You can write the best parser that exactly matches your need even in 120 lines or less. And it will also be clean, semantic, and completely readable! Let's take a short tour.

At first, you need to install CS Parser via NPM.

npm i cs-parser --save

Now you can access the APIs of CS Parser with require().

const csp = require('cs-parser')

The csp is the Main object that provides a few basic methods.
Use create method to get a Parser object.

let parser = csp.create()

Next, add some parsing rules to the parser with parser.addRule. Of course you can add any number of rules as you want.

parser.addRule({ /* A rule definition */ })
parser.addRule({ /* Another rule definition */ })

Defining a rule

A rule definition is an object contains some specific properties. I will show you only a few essential ones here.
(If you want to see the full specs, see the doc.)

parser.addRule({
  from: '{',
  to:   '}'
})

The options from & to determines where the rule applies to. So the rule in the above will be activated when the parser reaches at {,
and will be deactivated when the parser reaches at }.

You can also use regex like this:

parser.addRule({
  from: /(\w).* {/,
  to:   '}'
})

This rule will be activated when the current reading buffer matches with the pattern like something {. Simple isn't it?

Now's the time to define how the rule actually works while it is active.
Let us introduce init, parse, fin callbacks.

parser.addRule({
  from: /(\w).* {/,
  to:   '}',
  init(cx, chunk, matches) { ... },
  parse(cx, chunk) { ... },
  fin(cx, chunk, matches) { ... }
})

In short:

init will be called once when the rule is activated.
parse will be called for every chunk while the rule is active
fin will be called once when the rule is deactivated.

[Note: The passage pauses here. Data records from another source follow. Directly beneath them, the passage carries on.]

lemma sum_swap_pairs:
  "(\<Sum>a\<in>A. \<Sum>b\<in>B. \<Sum>c\<in>C. \<Sum>d\<in>D. f a b c d) = (\<Sum>c\<in>C. \<Sum>d\<in>D. \<Sum>a\<in>A. \<Sum>b\<in>B. f a b c d)"
proof -
  have "(\<Sum>a\<in>A. \<Sum>b\<in>B. \<Sum>c\<in>C. \<Sum>d\<in>D. f a b c d) = (\<Sum>a\<in>A. \<Sum>c\<in>C. \<Sum>b\<in>B. \<Sum>d\<in>D. f a b c d)"
    by (rule sum.cong[OF refl], rule sum.swap)
  also have "\<dots> = (\<Sum>c\<in>C. \<Sum>a\<in>A. \<Sum>b\<in>B. \<Sum>d\<in>D. f a b c d)"
    by (rule sum.swap)
  also have "\<dots> = (\<Sum>c\<in>C. \<Sum>a\<in>A. \<Sum>d\<in>D. \<Sum>b\<in>B. f a b c d)"
    by (rule sum.cong[OF refl], rule sum.cong[OF refl], rule sum.swap)
  also have "\<dots> = (\<Sum>c\<in>C. \<Sum>d\<in>D. \<Sum>a\<in>A. \<Sum>b\<in>B. f a b c d)"
    by (rule sum.cong[OF refl], rule sum.swap)
  finally show ?thesis .
qed

lemma bij_mult_right:
  fixes d :: "'a::field"
  assumes "d \<noteq> 0"
  shows "bij (\<lambda>c. c * d)"
  by (rule bij_betwI[of _ _ _ "\<lambda>c. c / d"]) (use assms in auto)

definition sesq :: "complex^'n^'n \<Rightarrow> complex^'n \<Rightarrow> complex^'n \<Rightarrow> complex" where
  "sesq X u w = (\<Sum>p\<in>UNIV. \<Sum>q\<in>UNIV. u$p * X$p$q * cnj (w$q))"

lemma sesq_axis [simp]: "sesq X (axis i 1) (axis j 1) = X$i$j"
proof -
  have "(if P then 1 else 0) * x = (if P then x else 0)"
    and "x * cnj (if P then 1 else 0) = (if P then x else 0)" for P and x :: complex
    by simp_all
  then show ?thesis
    by (simp add: sesq_def axis_def)
qed
(* Let $L_x, L_y > 0$ and $\mathcal{D} = (0,L_x)\times(0,L_y)$. For non-negative integers $m,n$ with $(m,n)\neq(0,0)$ let $\Phi_{mn}(x,y) = \cos(m\pi x/L_x)\cos(n\pi y/L_y)$ (up to a positive normalisation constant), with wavenumber $k_{mn} = \sqrt{(m\pi/L_x)^2 + (n\pi/L_y)^2}$, so that $-\Delta\Phi_{mn} = k_{mn}^2\Phi_{mn}$ in $\mathcal{D}$ and $\bm{n}\cdot\nabla\Phi_{mn} = 0$ on $\partial\mathcal{D}$. For $h>0$ let $\omega_{mn}(h) = \sqrt{k_{mn}\tanh(k_{mn} h)}$. Then there do not exist three such modes $\Psi_j = \Phi_{m_j n_j}$ ($j=1,2,3$), with wavenumbers $K_j = k_{m_j n_j}$ and frequencies $\Omega_j = \omega_{m_j n_j}$, together with a depth $h_c \in (0,\infty)$, such that both $\iint_{\mathcal{D}} \Psi_1\Psi_2\Psi_3\,\mathrm{d}A \neq 0$ and $\Omega_1(h_c) + \Omega_2(h_c) = \Omega_3(h_c)$. That is, resonant triads cannot exist in a rectangular cylinder of finite depth.
   Context: A resonant triad in a cylinder with cross-section $\mathcal{D}$ and dimensionless fluid depth $h$ consists of three Neumann Laplacian eigenmodes $\Psi_1,\Psi_2,\Psi_3$ on $\mathcal{D}$ with positive wavenumbers $K_j$ (i.e. $-\Delta\Psi_j = K_j^2\Psi_j$) such that the correlation condition $\iint_{\mathcal{D}}\Psi_1\Psi_2\Psi_3\,\mathrm{d}A\neq 0$ holds and, at some critical depth $h_c\in(0,\infty)$, the angular frequencies $\Omega_j = \sqrt{K_j\tanh(K_j h_c)}$ satisfy $\Omega_1+\Omega_2=\Omega_3$ (other sign combinations reduce to this one by relabelling). *)

theory Defs
  imports "HOL-Analysis.Analysis"
begin

definition Phi :: "real \<Rightarrow> real \<Rightarrow> nat \<Rightarrow> nat \<Rightarrow> real \<times> real \<Rightarrow> real" where
  "Phi Lx Ly m n p = cos (real m * pi * fst p / Lx) * cos (real n * pi * snd p / Ly)"

definition wavenum :: "real \<Rightarrow> real \<Rightarrow> nat \<Rightarrow> nat \<Rightarrow> real" where
  "wavenum Lx Ly m n = sqrt ((real m * pi / Lx)\<^sup>2 + (real n * pi / Ly)\<^sup>2)"

definition omega :: "real \<Rightarrow> real \<Rightarrow> nat \<Rightarrow> nat \<Rightarrow> real \<Rightarrow> real" where
  "omega Lx Ly m n h = sqrt (wavenum Lx Ly m n * tanh (wavenum Lx Ly m n * h))"

end

theory Submission imports Defs begin

(* The correlation integral factorises into a product of one-dimensional integrals of
   triple cosine products, and such an integral vanishes unless m3 <= m1 + m2; likewise
   for the n's.  Hence every correlated triad satisfies the triangle inequality
   K3 <= K1 + K2.  On the other hand the dispersion relation w(k) = sqrt (k tanh (k h))
   is increasing and, since tanh t / t is strictly decreasing, strictly subadditive, so
   Omega3 <= w(K1 + K2) < Omega1 + Omega2 and the resonance condition fails. *)

lemma tanh_gt_mult_one_minus_tanh_sq:
  fixes x :: real
  assumes "x > 0"
  shows "(1 - tanh x ^ 2) * x < tanh x"
proof -
  define g where "g t = tanh t - (1 - tanh t ^ 2) * t" for t :: real
  have deriv_g: "DERIV g t :> 2 * tanh t * (1 - tanh t ^ 2) * t" for t
    unfolding g_def by (auto intro!: derivative_eq_intros simp: algebra_simps power2_eq_square)
  obtain z where z: "0 < z" "z < x" "g x - g 0 = (x - 0) * (2 * tanh z * (1 - tanh z ^ 2) * z)"
    using MVT2[OF assms, of g "\<lambda>t. 2 * tanh t * (1 - tanh t ^ 2) * t"] deriv_g by blast
  have "tanh z ^ 2 < 1"
    using tanh_real_bounds[of z] by (simp add: abs_square_less_1 abs_less_iff)
  with z have "g x > 0"
    using assms by (simp add: g_def)
  then show ?thesis
    by (simp add: g_def)
qed

lemma tanh_div_strict_antimono:
  fixes x y :: real
  assumes "0 < x" "x < y"
  shows "tanh y / y < tanh x / x"
proof -
  have "\<exists>d. DERIV (\<lambda>t. tanh t / t) t :> d \<and> d < 0" if "x \<le> t" "t \<le> y" for t
  proof -
    have t: "t > 0"
      using that assms by simp
    have "DERIV (\<lambda>t. tanh t / t) t :> ((1 - tanh t ^ 2) * t - tanh t) / t\<^sup>2"
      using t by (auto intro!: derivative_eq_intros simp: field_simps power2_eq_square)
    moreover have "((1 - tanh t ^ 2) * t - tanh t) / t\<^sup>2 < 0"
      using tanh_gt_mult_one_minus_tanh_sq[OF t] t by (simp add: divide_neg_pos)
    ultimately show ?thesis
      by blast
  qed
  from DERIV_neg_imp_decreasing[OF assms(2) this] show ?thesis
    by simp
qed

definition dispersion :: "real \<Rightarrow> real \<Rightarrow> real" where
  "dispersion h k = sqrt (k * tanh (k * h))"

lemma omega_eq_dispersion: "omega Lx Ly m n h = dispersion h (wavenum Lx Ly m n)"
  unfolding omega_def dispersion_def by (simp add: mult.commute)

lemma dispersion_mono:
  assumes "h > 0" "0 \<le> a" "a \<le> b"
  shows "dispersion h a \<le> dispersion h b"
proof -
  have "tanh (a * h) \<le> tanh (b * h)" "0 \<le> tanh (a * h)"
    using assms by (simp_all add: mult_right_mono)
  then have "a * tanh (a * h) \<le> b * tanh (b * h)"
    using assms by (simp add: mult_mono)
  then show ?thesis
    unfolding dispersion_def by simp
qed

lemma dispersion_eq_mult_sqrt_tanh_ratio:
  assumes "h > 0" "k > 0"
  shows "dispersion h k = k * sqrt h * sqrt (tanh (k * h) / (k * h))"
proof -
  have "k * tanh (k * h) = k\<^sup>2 * h * (tanh (k * h) / (k * h))"
    using assms by (simp add: field_simps power2_eq_square)
  then have "dispersion h k = sqrt (k\<^sup>2) * sqrt h * sqrt (tanh (k * h) / (k * h))"
    unfolding dispersion_def by (metis real_sqrt_mult)
  then show ?thesis
    using assms by simp
qed

lemma dispersion_strict_subadditive:
  assumes "h > 0" "a > 0" "b > 0"
  shows "dispersion h (a + b) < dispersion h a + dispersion h b"
proof -
  let ?r = "\<lambda>t. sqrt (tanh t / t)"
  have ra: "?r ((a + b) * h) < ?r (a * h)" and rb: "?r ((a + b) * h) < ?r (b * h)"
    using tanh_div_strict_antimono[of "a * h" "(a + b) * h"]
      tanh_div_strict_antimono[of "b * h" "(a + b) * h"] assms
    by (simp_all add: distrib_right)
  have "dispersion h (a + b) = a * sqrt h * ?r ((a + b) * h) + b * sqrt h * ?r ((a + b) * h)"
    using dispersion_eq_mult_sqrt_tanh_ratio[of h "a + b"] assms by (simp add: algebra_simps)
  also have "\<dots> < a * sqrt h * ?r (a * h) + b * sqrt h * ?r (b * h)"
    using ra rb assms by (intro add_strict_mono mult_strict_left_mono) auto
  also have "\<dots> = dispersion h a + dispersion h b"
    using dispersion_eq_mult_sqrt_tanh_ratio[of h a] dispersion_eq_mult_sqrt_tanh_ratio[of h b] assms
    by simp
  finally show ?thesis .
qed

lemma has_integral_cos_int_multiple:
  fixes L :: real and k :: int
  assumes "L > 0" "k \<noteq> 0"
  shows "((\<lambda>x. cos (of_int k * pi * x / L)) has_integral 0) {0..L}"
proof -
  define F where "F x = sin (of_int k * pi * x / L) * L / (of_int k * pi)" for x
  have "(F has_vector_derivative cos (of_int k * pi * x / L)) (at x within {0..L})" for x
  proof -
    have "(F has_real_derivative cos (of_int k * pi * x / L)) (at x)"
      unfolding F_def using assms by (auto intro!: derivative_eq_intros simp: field_simps)
    then show ?thesis
      by (simp add: has_real_derivative_iff_has_vector_derivative has_vector_derivative_at_within)
  qed
  with fundamental_theorem_of_calculus[of 0 L F] assms
  have "((\<lambda>x. cos (of_int k * pi * x / L)) has_integral (F L - F 0)) {0..L}"
    by simp
  moreover have "F L - F 0 = 0"
    unfolding F_def using assms by (simp add: mult.commute[of _ pi])
  ultimately show ?thesis
    by simp
qed

lemma cos_triple_product:
  "cos (A::real) * cos B * cos C = (cos (A + B - C) + cos (A - B + C) + cos (- A + B + C) + cos (A + B + C)) / 4"
  by (simp add: cos_add cos_diff sin_add sin_diff algebra_simps)

definition cos_triple :: "real \<Rightarrow> nat \<Rightarrow> nat \<Rightarrow> nat \<Rightarrow> real \<Rightarrow> real" where
  "cos_triple L m1 m2 m3 x = cos (real m1 * pi * x / L) * cos (real m2 * pi * x / L) * cos (real m3 * pi * x / L)"

lemma integral_cos_triple_eq_0:
  assumes "L > 0" "m3 > m1 + m2"
  shows "integral {0..L} (cos_triple L m1 m2 m3) = 0"
proof -
  define k1 where "k1 = int m1 + int m2 - int m3"
  define k2 where "k2 = int m1 - int m2 + int m3"
  define k3 where "k3 = - int m1 + int m2 + int m3"
  define k4 where "k4 = int m1 + int m2 + int m3"
  have nonzero: "k1 \<noteq> 0" "k2 \<noteq> 0" "k3 \<noteq> 0" "k4 \<noteq> 0"
    using assms(2) unfolding k1_def k2_def k3_def k4_def by auto
  let ?c = "\<lambda>k x. cos (of_int k * pi * x / L)"
  have expand: "cos_triple L m1 m2 m3 = (\<lambda>x. (?c k1 x + ?c k2 x + ?c k3 x + ?c k4 x) / 4)"
    unfolding cos_triple_def cos_triple_product k1_def k2_def k3_def k4_def
    by (simp add: fun_eq_iff algebra_simps add_divide_distrib diff_divide_distrib)
  have "((\<lambda>x. (?c k1 x + ?c k2 x + ?c k3 x + ?c k4 x) / 4) has_integral (0 + 0 + 0 + 0) / 4) {0..L}"
    by (intro has_integral_divide has_integral_add has_integral_cos_int_multiple assms nonzero)
  from integral_unique[OF this] show ?thesis
    unfolding expand by simp
qed

lemma integral_cos_triple_nonzero_imp_le:
  assumes "L > 0" "integral {0..L} (cos_triple L m1 m2 m3) \<noteq> 0"
  shows "m3 \<le> m1 + m2"
  using integral_cos_triple_eq_0[OF assms(1), of m1 m2 m3] assms(2) by linarith

lemma integral_box_separable:
  fixes f g :: "real \<Rightarrow> real"
  assumes "continuous_on {a..b} f" "continuous_on {c..d} g"
  shows "integral (box (a, c) (b, d)) (\<lambda>p. f (fst p) * g (snd p))
    = integral {a..b} f * integral {c..d} g"
proof -
  have "continuous_on (cbox (a, c) (b, d)) (\<lambda>p. f (fst p) * g (snd p))"
    by (intro continuous_intros continuous_on_compose2[OF assms(1)] continuous_on_compose2[OF assms(2)])
      (auto simp: cbox_Pair_eq)
  then have "integral (cbox (a, c) (b, d)) (\<lambda>p. f (fst p) * g (snd p))
      = integral {a..b} (\<lambda>x. integral {c..d} (\<lambda>y. f x * g y))"
    using integral_prod_continuous by fastforce
  then show ?thesis
    by (simp add: integral_open_interval)
qed

lemma integral_Phi_triple:
  assumes "Lx > 0" "Ly > 0"
  shows "integral (box (0, 0) (Lx, Ly)) (\<lambda>p. Phi Lx Ly m1 n1 p * Phi Lx Ly m2 n2 p * Phi Lx Ly m3 n3 p)
    = integral {0..Lx} (cos_triple Lx m1 m2 m3) * integral {0..Ly} (cos_triple Ly n1 n2 n3)"
proof -
  have "(\<lambda>p. Phi Lx Ly m1 n1 p * Phi Lx Ly m2 n2 p * Phi Lx Ly m3 n3 p)
      = (\<lambda>p. cos_triple Lx m1 m2 m3 (fst p) * cos_triple Ly n1 n2 n3 (snd p))"
    unfolding Phi_def cos_triple_def by (simp add: fun_eq_iff mult_ac)
  moreover have "continuous_on S (cos_triple L k1 k2 k3)" if "L > 0" for S L k1 k2 k3
    unfolding cos_triple_def using that by (intro continuous_intros) auto
  ultimately show ?thesis
    using assms by (simp add: integral_box_separable)
qed

lemma wavenum_pos:
  assumes "Lx > 0" "Ly > 0" "(m, n) \<noteq> (0, 0)"
  shows "wavenum Lx Ly m n > 0"
proof -
  have "(real m * pi / Lx)\<^sup>2 > 0 \<or> (real n * pi / Ly)\<^sup>2 > 0"
    using assms by auto
  then show ?thesis
    unfolding wavenum_def by (metis add_pos_nonneg add_nonneg_pos zero_le_power2 real_sqrt_gt_zero)
qed

lemma wavenum_triangle:
  assumes "Lx > 0" "Ly > 0" "m3 \<le> m1 + m2" "n3 \<le> n1 + n2"
  shows "wavenum Lx Ly m3 n3 \<le> wavenum Lx Ly m1 n1 + wavenum Lx Ly m2 n2"
proof -
  let ?p = "\<lambda>m. real m * pi / Lx" and ?q = "\<lambda>n. real n * pi / Ly"
  have "?p m3 \<le> ?p m1 + ?p m2" "?q n3 \<le> ?q n1 + ?q n2"
    using assms by (simp_all add: divide_right_mono mult_right_mono flip: add_divide_distrib distrib_right)
  then have "(?p m3)\<^sup>2 + (?q n3)\<^sup>2 \<le> (?p m1 + ?p m2)\<^sup>2 + (?q n1 + ?q n2)\<^sup>2"
    using assms by (intro add_mono power_mono) auto
  then have "wavenum Lx Ly m3 n3 \<le> sqrt ((?p m1 + ?p m2)\<^sup>2 + (?q n1 + ?q n2)\<^sup>2)"
    unfolding wavenum_def by simp
  also have "\<dots> \<le> wavenum Lx Ly m1 n1 + wavenum Lx Ly m2 n2"
    unfolding wavenum_def by (rule real_sqrt_sum_squares_triangle_ineq)
  finally show ?thesis .
qed

theorem mainTheorem3:
  fixes Lx Ly :: real
  assumes "Lx > 0" and "Ly > 0"
  shows "\<not> (\<exists>m1 n1 m2 n2 m3 n3 :: nat. \<exists>hc :: real.
            (m1, n1) \<noteq> (0, 0) \<and> (m2, n2) \<noteq> (0, 0) \<and> (m3, n3) \<noteq> (0, 0) \<and>
            hc > 0 \<and>
            integral (box (0, 0) (Lx, Ly))
              (\<lambda>p. Phi Lx Ly m1 n1 p * Phi Lx Ly m2 n2 p * Phi Lx Ly m3 n3 p) \<noteq> 0 \<and>
            omega Lx Ly m1 n1 hc + omega Lx Ly m2 n2 hc = omega Lx Ly m3 n3 hc)"
proof
  assume "\<exists>m1 n1 m2 n2 m3 n3 :: nat. \<exists>hc :: real.
            (m1, n1) \<noteq> (0, 0) \<and> (m2, n2) \<noteq> (0, 0) \<and> (m3, n3) \<noteq> (0, 0) \<and>
            hc > 0 \<and>
            integral (box (0, 0) (Lx, Ly))
              (\<lambda>p. Phi Lx Ly m1 n1 p * Phi Lx Ly m2 n2 p * Phi Lx Ly m3 n3 p) \<noteq> 0 \<and>
            omega Lx Ly m1 n1 hc + omega Lx Ly m2 n2 hc = omega Lx Ly m3 n3 hc"
  then obtain m1 n1 m2 n2 m3 n3 :: nat and hc :: real where
    nonzero: "(m1, n1) \<noteq> (0, 0)" "(m2, n2) \<noteq> (0, 0)" and hc: "hc > 0" and
    correlated: "integral {0..Lx} (cos_triple Lx m1 m2 m3) * integral {0..Ly} (cos_triple Ly n1 n2 n3) \<noteq> 0" and
    resonant: "omega Lx Ly m1 n1 hc + omega Lx Ly m2 n2 hc = omega Lx Ly m3 n3 hc"
    using integral_Phi_triple[OF assms] by metis
  let ?K = "wavenum Lx Ly"
  have "m3 \<le> m1 + m2" "n3 \<le> n1 + n2"
    using correlated integral_cos_triple_nonzero_imp_le assms by auto
  then have "?K m3 n3 \<le> ?K m1 n1 + ?K m2 n2"
    using wavenum_triangle[OF assms] by blast
  then have "omega Lx Ly m3 n3 hc \<le> dispersion hc (?K m1 n1 + ?K m2 n2)"
    unfolding omega_eq_dispersion
    using dispersion_mono[OF hc] by (simp add: wavenum_def)
  also have "\<dots> < omega Lx Ly m1 n1 hc + omega Lx Ly m2 n2 hc"
    unfolding omega_eq_dispersion
    using dispersion_strict_subadditive[OF hc] wavenum_pos[OF assms] nonzero by blast
  finally show False
    using resonant by simp
qed

end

The 3rd parameter: matches is optional that is passed an array of matching results of from/to if these are regex.

What is “chunk”?

For the default, every rule processes the data line-by-line, And each line will be passed as a “chunk” to the 2nd parameter. (This behavior is determined with splitter option. The default value is \n.)

So in other words, the parse callback will be executed every time the parser reaches at a line-break.

Context?

The 1st parameter: cx is a “context” object which will be generated when the rule is activated. The relationship between a rule and a context is similar to a class and its instance.

With a context, you can store any data into its data property like this:

init(cx, chunk, matches) {
  // cx.data is a plain object
  cx.data.name  = matches[1]
  cx.data.lines = []
  // You can also set another object
  cx.data = {
    name:  matches[1],
    lines: []
  }
},

cx through init, parse, fin callbacks is guaranteed to be the same instance, so that you can use the data you stored into data property in another callback like this:

parse(cx, chunk) {
  cx.data.lines.push(chunk)
},
fin(cx) {
  console.log('Block: ' + cx.data.name)
  console.log('Body:')
  for (let line of cx.data.lines) console.log(line)
  console.log('Total Lines: ' + cx.data.lines.length)
}

Let's parse!

After you defined rules, start parsing with parse method of the parser object.

let data = ' ... ' // Data to be parsed
let cx = parser.parse(data)

You can pass a string or a Buffer object for the parameter. parse method processes the data synchronously and returns the “root” context (explained later) when the process completes.

There is another option: parseFile which parses another file content asynchronously.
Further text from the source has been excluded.